Will Erickson be calling the plays next fall?

"We're working that out," he says. "The best thing for both of us is for me to go upstairs (to the press box) for games. I haven't been up there in 30 years. I see things pretty good up there.

"I have no problem with (the arrangement) at all. I'm enjoying the coaching aspect of (being an assistant). Guys get in trouble, you deal with your own people. I kind of like it. I forgot how much fun being an assistant can be."

Erickson has implemented the no-huddle offense he employed during his final two seasons at Arizona State. He'll use aspects of the spread offense, though with two tight ends and more than a measure of control.

"I'm the one who decided to use it," he says. "I like it a lot. We're not going to be Oregon, not that fast-paced a deal. We'll run some option stuff. You don't have to be 100 miles per hour. We'll have three wideouts a lot and use a lot of stretch stuff. The offense will be a lot like we had at Oregon State, except we'll do it all in the shotgun."

Utah's quarterback is Travis Wilson, who started the final seven games as a true freshman last season.

"He has a chance to be pretty good," Erickson says. "He improved this spring. He's a big, tall athlete who can throw it. Smart kid. Young, but I like him. He can make some things happen."

I was wrong in my assumption that Erickson's duties would include fewer recruiting trips than most assistants. I figured he'd be a pseudo-head coach — maybe a guy who would be called on to close a deal along with Whittingham.

"I'll do a pretty normal load of recruiting," he says. "I'm going to move around a little bit as far as where I go.

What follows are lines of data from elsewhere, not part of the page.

text \<open>The game is an exact potential game: every payoff equals the concave potential
  \<open>\<Phi>(p) = \<Sum>\<^sub>\<alpha> b\<^sub>\<alpha> ln(\<sigma>\<^sub>\<alpha>\<^sup>2 + \<Sum>\<^sub>\<ell> g\<^sub>\<ell>\<^sub>\<alpha> p\<^sub>\<ell>\<^sub>\<alpha>)\<close> minus a term not depending on the
  user's own strategy, and \<open>v\<^sub>k\<^sub>\<alpha>\<close> is the gradient of \<open>\<Phi>\<close>, so maximisers of \<open>\<Phi>\<close> are Nash
  equilibria. For a maximiser \<open>q\<close>, along a replicator orbit
  \<open>d/dt H\<^sub>q(p) = \<langle>p - q, \<nabla>\<Phi>(p)\<rangle> \<le> \<Phi>(p) - \<Phi>(q) \<le> 0\<close> by concavity, so the KL divergence is a
  Lyapunov function. As it stays nonnegative, \<open>\<Phi>(p(t))\<close> comes arbitrarily close to \<open>max \<Phi>\<close> at
  arbitrarily late times, and compactness of \<open>\<Delta>\<close> yields a maximiser \<open>r\<close> that is a limit point
  of the orbit. Then \<open>H\<^sub>r(p(t))\<close> is nonincreasing and tends to 0 along a sequence of times,
  hence tends to 0; it dominates the squared Hellinger distance, so \<open>p(t) \<rightarrow> r\<close>.\<close>

lemma deriv_nonneg_imp_mono_within:
  fixes f f' :: "real \<Rightarrow> real"
  assumes "x \<le> y" and sub: "{x..y} \<subseteq> S"
    and deriv: "\<And>t. t \<in> {x..y} \<Longrightarrow> (f has_real_derivative f' t) (at t within S)"
    and nonneg: "\<And>t. t \<in> {x..y} \<Longrightarrow> 0 \<le> f' t"
  shows "f x \<le> f y"
proof (rule DERIV_nonneg_imp_increasing_open[OF \<open>x \<le> y\<close>])
  fix z assume z: "x < z" "z < y"
  then have "z \<in> interior {x..y}" by simp
  then have "at z within S = at z"
    using interior_mono[OF sub] by (intro at_within_interior) auto
  then show "\<exists>l. (f has_real_derivative l) (at z) \<and> 0 \<le> l"
    using deriv[of z] nonneg[of z] z by auto
next
  show "continuous_on {x..y} f"
    unfolding continuous_on_eq_continuous_within
  proof
    fix t assume "t \<in> {x..y}"
    then have "continuous (at t within S) f" using deriv by (intro DERIV_continuous)
    then show "continuous (at t within {x..y}) f" using sub by (rule continuous_within_subset)
  qed
qed

lemma bounded_finite_family_convergent_subseq:
  fixes x :: "nat \<Rightarrow> 'i \<Rightarrow> real"
  assumes "finite I" and "\<And>n i. i \<in> I \<Longrightarrow> \<bar>x n i\<bar> \<le> B"
  shows "\<exists>r l. strict_mono r \<and> (\<forall>i\<in>I. (\<lambda>n. x (r n) i) \<longlonglongrightarrow> l i)"
  using assms
proof (induction I rule: finite_induct)
  case empty
  show ?case by (rule exI[of _ id]) (auto simp: strict_mono_def)
next
  case (insert j I)
  then obtain r l where r: "strict_mono r" "\<forall>i\<in>I. (\<lambda>n. x (r n) i) \<longlonglongrightarrow> l i" by auto
  have "bounded (range (\<lambda>n. x (r n) j))"
    unfolding bounded_iff using insert.prems by auto
  then obtain l' r' where r': "strict_mono r'" "((\<lambda>n. x (r n) j) \<circ> r') \<longlonglongrightarrow> l'"
    using bounded_imp_convergent_subsequence by blast
  show ?case
  proof (intro exI conjI ballI)
    show "strict_mono (r \<circ> r')" using r r' by (simp add: strict_mono_o)
    fix i assume i: "i \<in> insert j I"
    show "(\<lambda>n. x ((r \<circ> r') n) i) \<longlonglongrightarrow> (l(j := l')) i"
    proof (cases "i = j")
      case True
      then show ?thesis using r' by (simp add: o_def)
    next
      case False
      then have "((\<lambda>n. x (r n) i) \<circ> r') \<longlonglongrightarrow> l i"
        using i r r' LIMSEQ_subseq_LIMSEQ by auto
      then show ?thesis using False by (simp add: o_def)
    qed
  qed
qed

lemma sqrt_diff_sq_le_kl_term:
  fixes q p :: real
  assumes q: "0 < q" and p: "0 < p"
  shows "(sqrt q - sqrt p)\<^sup>2 + (q - p) \<le> q * (ln q - ln p)"
proof -
  define u v where "u = sqrt q" and "v = sqrt p"
  have u: "0 < u" and v: "0 < v" using q p by (simp_all add: u_def v_def)
  have qu: "q = u * u" and pv: "p = v * v" using q p by (simp_all add: u_def v_def)
  have "u * (ln v - ln u) \<le> v - u"
    using ln_diff_le[OF v u] u by (simp add: field_simps)
  then have "u * (u * (ln v - ln u)) \<le> u * (v - u)"
    using u by (intro mult_left_mono) auto
  then show ?thesis
    using u v by (simp add: qu pv ln_mult power2_eq_square algebra_simps)
qed

locale mac_game =
  fixes K A :: nat and P b s :: "nat \<Rightarrow> real" and g :: "nat \<Rightarrow> nat \<Rightarrow> real"
  assumes P_pos: "\<forall>k\<in>{1..K}. 0 < P k"
    and b_pos: "\<forall>a\<in>{1..A}. 0 < b a"
    and s_pos: "\<forall>a\<in>{1..A}. 0 < s a"
    and g_pos: "\<forall>k\<in>{1..K}. \<forall>a\<in>{1..A}. 0 < g k a"
begin

definition received :: "(nat \<Rightarrow> nat \<Rightarrow> real) \<Rightarrow> nat \<Rightarrow> real" where
  "received p a = s a + (\<Sum>l=1..K. g l a * p l a)"

definition interference :: "(nat \<Rightarrow> nat \<Rightarrow> real) \<Rightarrow> nat \<Rightarrow> nat \<Rightarrow> real" where
  "interference p k a = s a + (\<Sum>l\<in>{1..K} - {k}. g l a * p l a)"

definition potential :: "(nat \<Rightarrow> nat \<Rightarrow> real) \<Rightarrow> real" where
  "potential p = (\<Sum>a=1..A. b a * ln (received p a))"

definition potential_max :: "(nat \<Rightarrow> nat \<Rightarrow> real) \<Rightarrow> bool" where
  "potential_max q \<longleftrightarrow> in_Delta K A P q \<and> (\<forall>r. in_Delta K A P r \<longrightarrow> potential r \<le> potential q)"

definition kl_div :: "(nat \<Rightarrow> nat \<Rightarrow> real) \<Rightarrow> (nat \<Rightarrow> nat \<Rightarrow> real) \<Rightarrow> real" where
  "kl_div q p =
     (\<Sum>k=1..K. \<Sum>a=1..A. if 0 < q k a then q k a * (ln (q k a) - ln (p k a)) else 0)"

abbreviation growth :: "(nat \<Rightarrow> nat \<Rightarrow> real) \<Rightarrow> nat \<Rightarrow> nat \<Rightarrow> real" where
  "growth p k a \<equiv> vel K b s g p k a - vel_avg K A P b s g p k"

subsection \<open>Profiles and the potential\<close>

lemma in_Delta_nonneg: "in_Delta K A P p \<Longrightarrow> k \<in> {1..K} \<Longrightarrow> a \<in> {1..A} \<Longrightarrow> 0 \<le> p k a"
  by (auto simp: in_Delta_def strat_k_def)

lemma in_Delta_sum: "in_Delta K A P p \<Longrightarrow> k \<in> {1..K} \<Longrightarrow> (\<Sum>a=1..A. p k a) = P k"
  by (auto simp: in_Delta_def strat_k_def)

lemma in_Delta_le:
  assumes "in_Delta K A P p" "k \<in> {1..K}" "a \<in> {1..A}"
  shows "p k a \<le> P k"
proof -
  have "p k a \<le> (\<Sum>a=1..A. p k a)"
    by (rule member_le_sum) (use assms in_Delta_nonneg in auto)
  then show ?thesis using in_Delta_sum assms by simp
qed

lemma in_Delta_limit:
  assumes x: "\<And>n. in_Delta K A P (x n)"
    and conv: "\<forall>k\<in>{1..K}. \<forall>a\<in>{1..A}. (\<lambda>n. x n k a) \<longlonglongrightarrow> q k a"
  shows "in_Delta K A P q"
  unfolding in_Delta_def strat_k_def
proof (intro ballI conjI)
  fix k a assume k: "k \<in> {1..K}" and a: "a \<in> {1..A}"
  show "0 \<le> q k a"
    by (rule LIMSEQ_le_const[of "\<lambda>n. x n k a"]) (use conv k a in_Delta_nonneg[OF x k a] in auto)
next
  fix k assume k: "k \<in> {1..K}"
  have "(\<lambda>n. \<Sum>a=1..A. x n k a) \<longlonglongrightarrow> (\<Sum>a=1..A. q k a)"
    using conv k by (auto intro!: tendsto_sum)
  then show "(\<Sum>a=1..A. q k a) = P k"
    using in_Delta_sum[OF x k] by (simp add: LIMSEQ_const_iff)
qed

lemma received_ge_noise:
  assumes p: "in_Delta K A P p" and a: "a \<in> {1..A}"
  shows "s a \<le> received p a"
proof -
  have "0 \<le> g l a * p l a" if "l \<in> {1..K}" for l
    using g_pos in_Delta_nonneg[OF p that a] that a by (simp add: less_imp_le)
  then have "0 \<le> (\<Sum>l=1..K. g l a * p l a)" by (intro sum_nonneg)
  then show ?thesis by (simp add: received_def)
qed

lemma received_pos: "in_Delta K A P p \<Longrightarrow> a \<in> {1..A} \<Longrightarrow> 0 < received p a"
  using received_ge_noise s_pos by (meson less_le_trans)

lemma vel_eq_received: "vel K b s g p k a = b a * g k a / received p a"
  by (simp add: vel_def received_def)

lemma interference_pos:
  assumes p: "in_Delta K A P p" and a: "a \<in> {1..A}"
  shows "0 < interference p k a"
proof -
  have "0 \<le> g l a * p l a" if "l \<in> {1..K} - {k}" for l
    using g_pos in_Delta_nonneg[OF p _ a] that a by (simp add: less_imp_le)
  then have "0 \<le> (\<Sum>l\<in>{1..K} - {k}. g l a * p l a)" by (intro sum_nonneg)
  then show ?thesis using s_pos a by (simp add: interference_def add_pos_nonneg)
qed

lemma received_eq_interference:
  "k \<in> {1..K} \<Longrightarrow> received p a = interference p k a + g k a * p k a"
  by (simp add: received_def interference_def sum.remove)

I'm in L.A. now, and I've done pretty well in the inner city in the past.

"I don't know that I'll have a real (recruiting) area. I think I'll kind of trouble-shoot. I'm in Arizona next week, and I'll go to Miami the week after that. I'm pretty busy. I'll be on the road a lot more than I thought I would be going in."

Erickson underwent hip replacement surgery in February. His health is "the best it's been in five or six years," he says. "I was able to go through spring ball with just a little pain. When you get to my age, you always have pain. But I'm moving around now a lot better with less pain."

The old ball coach laughs when I ask if he wants to be a head coach again.

"I'd like to some day," he says. "But I'm running out of days."